[Task statement] In the data below, one line contains "unfolding Lambda_max_def by" and a later one contains "unfolding Lambda_abs_def using". Print both, with every line between them, exactly and alone.

[Source data]
definition Lambda_abs :: "nat set \<Rightarrow> ((nat \<Rightarrow> real) \<Rightarrow> real) \<Rightarrow> real" where
  "Lambda_abs T A = (SUP z \<in> unit_sphere_T T. \<bar>A z\<bar>)"

lemma abs_tensor_form_le_sum:
  assumes "z \<in> unit_sphere_T T"
  shows "\<bar>tensor_form n w x k T z\<bar> \<le> (\<Sum>i<n. \<bar>w i\<bar> * norm_T T (x i) ^ k)"
  unfolding tensor_form_def
proof (rule order_trans[OF sum_abs sum_mono])
  fix i
  have "\<bar>ip_T T (x i) z\<bar> \<le> norm_T T (x i)"
    using abs_ip_T_le[of T "x i" z] assms by (simp add: unit_sphere_T_def)
  then show "\<bar>w i * ip_T T (x i) z ^ k\<bar> \<le> \<bar>w i\<bar> * norm_T T (x i) ^ k"
    by (simp add: abs_mult power_abs mult_left_mono power_mono)
qed

lemma bdd_above_abs_tensor_form: "bdd_above ((\<lambda>z. \<bar>tensor_form n w x k T z\<bar>) ` unit_sphere_T T)"
  using abs_tensor_form_le_sum by (intro bdd_aboveI2) blast

lemma bdd_above_tensor_form: "bdd_above (tensor_form n w x k T ` unit_sphere_T T)"
  using abs_tensor_form_le_sum by (intro bdd_aboveI2) (blast dest: abs_le_D1)

lemma abs_tensor_form_le_Lambda_abs:
  "z \<in> unit_sphere_T T \<Longrightarrow> \<bar>tensor_form n w x k T z\<bar> \<le> Lambda_abs T (tensor_form n w x k T)"
  unfolding Lambda_abs_def by (rule cSUP_upper[OF _ bdd_above_abs_tensor_form])

lemma tensor_form_le_Lambda_max:
  "z \<in> unit_sphere_T T \<Longrightarrow> tensor_form n w x k T z \<le> Lambda_max T (tensor_form n w x k T)"
  unfolding Lambda_max_def by (rule cSUP_upper[OF _ bdd_above_tensor_form])

lemma Lambda_abs_nonneg:
  assumes "finite T" "T \<noteq> {}"
  shows "0 \<le> Lambda_abs T (tensor_form n w x k T)"
  using unit_sphere_T_nonempty[OF assms] abs_tensor_form_le_Lambda_abs
  by (meson abs_ge_zero all_not_in_conv order_trans)

lemma Lambda_max_le_Lambda_abs:
  assumes "finite T" "T \<noteq> {}"
  shows "Lambda_max T (tensor_form n w x k T) \<le> Lambda_abs T (tensor_form n w x k T)"
  unfolding Lambda_max_def using unit_sphere_T_nonempty[OF assms]
  by (rule cSUP_least) (meson abs_ge_self abs_tensor_form_le_Lambda_abs order_trans)

lemma Lambda_abs_le:
  assumes "finite T" "T \<noteq> {}" "\<And>z. z \<in> unit_sphere_T T \<Longrightarrow> \<bar>tensor_form n w x k T z\<bar> \<le> B"
  shows "Lambda_abs T (tensor_form n w x k T) \<le> B"
  unfolding Lambda_abs_def using unit_sphere_T_nonempty[OF assms(1,2)] assms(3) by (rule cSUP_least)

lemma abs_tensor_form_le:
  assumes "finite T" "T \<noteq> {}" "0 < k" "norm_T T u \<le> \<rho>"
  shows "\<bar>tensor_form n w x k T u\<bar> \<le> Lambda_abs T (tensor_form n w x k T) * \<rho> ^ k"
proof -
  let ?F = "Lambda_abs T (tensor_form n w x k T)"
  have "\<bar>tensor_form n w x k T u\<bar> \<le> ?F * norm_T T u ^ k"
  proof (cases "norm_T T u = 0")
    case True
    then show ?thesis
      using ip_T_eq_0[OF assms(1) True] assms(3) by (simp add: tensor_form_def power_0_left)
  next
    case False
    let ?N = "norm_T T u"
    have "tensor_form n w x k T u = ?N ^ k * tensor_form n w x k T (\<lambda>j. u j / ?N)"
      using ip_T_scale[of T _ "1 / ?N" u] False
      by (simp add: tensor_form_def sum_distrib_left power_divide algebra_simps)
    then show ?thesis
      using abs_tensor_form_le_Lambda_abs[OF normalize_in_unit_sphere_T[OF False]]
      by (simp add: abs_mult mult_left_mono mult.commute)
  qed
  also have "\<dots> \<le> ?F * \<rho> ^ k"
    using assms by (intro mult_left_mono power_mono Lambda_abs_nonneg) auto
  finally show ?thesis .
qed

text \<open>Polarization: with \<open>d = z - y\<close>, the vectors \<open>d/\<eta> \<plusminus> \<eta>(z + y)\<close> have norm at most \<open>3\<eta>\<close>
  and the difference of their squared projections is \<open>4((x\<^sup>Tz)\<^sup>2 - (x\<^sup>Ty)\<^sup>2)\<close>.\<close>

lemma tensor_form2_diff_le:
  assumes "finite T" "T \<noteq> {}" "z \<in> unit_sphere_T T" "y \<in> unit_sphere_T T"
    and "0 < \<eta>" "norm_T T (\<lambda>j. z j - y j) \<le> \<eta>\<^sup>2"
  shows "\<bar>tensor_form n w x 2 T z - tensor_form n w x 2 T y\<bar> \<le> 9 / 2 * \<eta>\<^sup>2 * Lambda_abs T (tensor_form n w x 2 T)"
proof -
  let ?A = "tensor_form n w x 2 T" and ?F = "Lambda_abs T (tensor_form n w x 2 T)"
  define d where "d = (\<lambda>j. z j - y j)"
  define p where "p = (\<lambda>j. (1 / \<eta>) * d j + \<eta> * z j + \<eta> * y j)"
  define m where "m = (\<lambda>j. (1 / \<eta>) * d j + (- \<eta>) * z j + (- \<eta>) * y j)"
  have "(1 / \<eta>) * norm_T T d \<le> (1 / \<eta>) * \<eta>\<^sup>2"
    using assms(5,6) unfolding d_def by (intro mult_left_mono) auto
  then have d: "(1 / \<eta>) * norm_T T d \<le> \<eta>" using assms(5) by (simp add: power2_eq_square)
  have np: "norm_T T p \<le> 3 * \<eta>" and nm: "norm_T T m \<le> 3 * \<eta>"
    using norm_T_lincomb3[of T "1/\<eta>" d \<eta> z \<eta> y] norm_T_lincomb3[of T "1/\<eta>" d "-\<eta>" z "-\<eta>" y]
      assms(3-5) d unfolding p_def m_def by (auto simp: unit_sphere_T_def)
  have pm: "\<bar>?A p\<bar> \<le> ?F * (3 * \<eta>)\<^sup>2" "\<bar>?A m\<bar> \<le> ?F * (3 * \<eta>)\<^sup>2"
    by (rule abs_tensor_form_le[OF assms(1,2) _ np] abs_tensor_form_le[OF assms(1,2) _ nm], simp)+
  have difference: "ip_T T (x i) p ^ 2 - ip_T T (x i) m ^ 2 = 4 * (ip_T T (x i) z ^ 2 - ip_T T (x i) y ^ 2)" for i
    unfolding p_def m_def d_def ip_T_lincomb3 ip_T_diff using assms(5)
    by (simp add: power2_eq_square field_simps)
  have "?A p - ?A m = (\<Sum>i<n. w i * (ip_T T (x i) p ^ 2 - ip_T T (x i) m ^ 2))"
    unfolding tensor_form_def by (simp add: sum_subtractf right_diff_distrib)
  also have "\<dots> = 4 * (?A z - ?A y)"
    unfolding difference tensor_form_def by (simp add: sum_distrib_left sum_subtractf algebra_simps)
  finally have "\<bar>?A p - ?A m\<bar> = 4 * \<bar>?A z - ?A y\<bar>" by (simp only: abs_mult abs_numeral)
  then have "4 * \<bar>?A z - ?A y\<bar> \<le> \<bar>?A p\<bar> + \<bar>?A m\<bar>" using abs_triangle_ineq4 by metis
  with pm show ?thesis by (simp add: mult_ac)
qed

lemma abs_trilinear_le:
  assumes "finite T" "T \<noteq> {}"
    and "norm_T T a \<le> \<rho>" "norm_T T b \<le> \<rho>" "norm_T T c \<le> \<rho>"
  shows "\<bar>\<Sum>i<n. w i * (ip_T T (x i) a * ip_T T (x i) b * ip_T T (x i) c)\<bar>
     \<le> 9 / 2 * Lambda_abs T (tensor_form n w x 3 T) * \<rho> ^ 3"
proof -
  let ?A = "tensor_form n w x 3 T" and ?F = "Lambda_abs T (tensor_form n w x 3 T)"
  define s where "s \<beta> \<gamma> = (\<lambda>j. 1 * a j + \<beta> * b j + \<gamma> * c j)" for \<beta> \<gamma> :: real
  have bound: "\<bar>?A (s \<beta> \<gamma>)\<bar> \<le> ?F * (3 * \<rho>) ^ 3" if "\<bar>\<beta>\<bar> = 1" "\<bar>\<gamma>\<bar> = 1" for \<beta> \<gamma>
  proof -
    have "norm_T T (s \<beta> \<gamma>) \<le> 3 * \<rho>"
      using norm_T_lincomb3[of T 1 a \<beta> b \<gamma> c] assms(3-5) that by (simp add: s_def)
    then show ?thesis by (rule abs_tensor_form_le[OF assms(1,2), rotated]) simp
  qed
  have polarization: "ip_T T (x i) (s 1 1) ^ 3 - ip_T T (x i) (s 1 (-1)) ^ 3 - ip_T T (x i) (s (-1) 1) ^ 3
      + ip_T T (x i) (s (-1) (-1)) ^ 3 = 24 * (ip_T T (x i) a * ip_T T (x i) b * ip_T T (x i) c)" for i
    unfolding s_def ip_T_lincomb3 by (simp add: power3_eq_cube algebra_simps)
  have "?A (s 1 1) - ?A (s 1 (-1)) - ?A (s (-1) 1) + ?A (s (-1) (-1))
     = (\<Sum>i<n. w i * (ip_T T (x i) (s 1 1) ^ 3 - ip_T T (x i) (s 1 (-1)) ^ 3
        - ip_T T (x i) (s (-1) 1) ^ 3 + ip_T T (x i) (s (-1) (-1)) ^ 3))"
    unfolding tensor_form_def by (simp add: sum.distrib sum_subtractf algebra_simps)
  also have "\<dots> = 24 * (\<Sum>i<n. w i * (ip_T T (x i) a * ip_T T (x i) b * ip_T T (x i) c))"
    unfolding polarization by (simp add: sum_distrib_left algebra_simps)
  finally have "24 * (\<Sum>i<n. w i * (ip_T T (x i) a * ip_T T (x i) b * ip_T T (x i) c))
      = ?A (s 1 1) - ?A (s 1 (-1)) - ?A (s (-1) 1) + ?A (s (-1) (-1))" ..
  then have "\<bar>24 * (\<Sum>i<n. w i * (ip_T T (x i) a * ip_T T (x i) b * ip_T T (x i) c))\<bar> \<le> 4 * (?F * (3 * \<rho>) ^ 3)"
    using bound[of 1 1] bound[of 1 "-1"] bound[of "-1" 1] bound[of "-1" "-1"]
    unfolding abs_le_iff by auto
  then show ?thesis by (simp add: abs_mult power3_eq_cube mult_ac)
qed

[Answer section]
  unfolding Lambda_max_def by (rule cSUP_upper[OF _ bdd_above_tensor_form])

lemma Lambda_abs_nonneg:
  assumes "finite T" "T \<noteq> {}"
  shows "0 \<le> Lambda_abs T (tensor_form n w x k T)"
  using unit_sphere_T_nonempty[OF assms] abs_tensor_form_le_Lambda_abs
  by (meson abs_ge_zero all_not_in_conv order_trans)

lemma Lambda_max_le_Lambda_abs:
  assumes "finite T" "T \<noteq> {}"
  shows "Lambda_max T (tensor_form n w x k T) \<le> Lambda_abs T (tensor_form n w x k T)"
  unfolding Lambda_max_def using unit_sphere_T_nonempty[OF assms]
  by (rule cSUP_least) (meson abs_ge_self abs_tensor_form_le_Lambda_abs order_trans)

lemma Lambda_abs_le:
  assumes "finite T" "T \<noteq> {}" "\<And>z. z \<in> unit_sphere_T T \<Longrightarrow> \<bar>tensor_form n w x k T z\<bar> \<le> B"
  shows "Lambda_abs T (tensor_form n w x k T) \<le> B"
  unfolding Lambda_abs_def using unit_sphere_T_nonempty[OF assms(1,2)] assms(3) by (rule cSUP_least)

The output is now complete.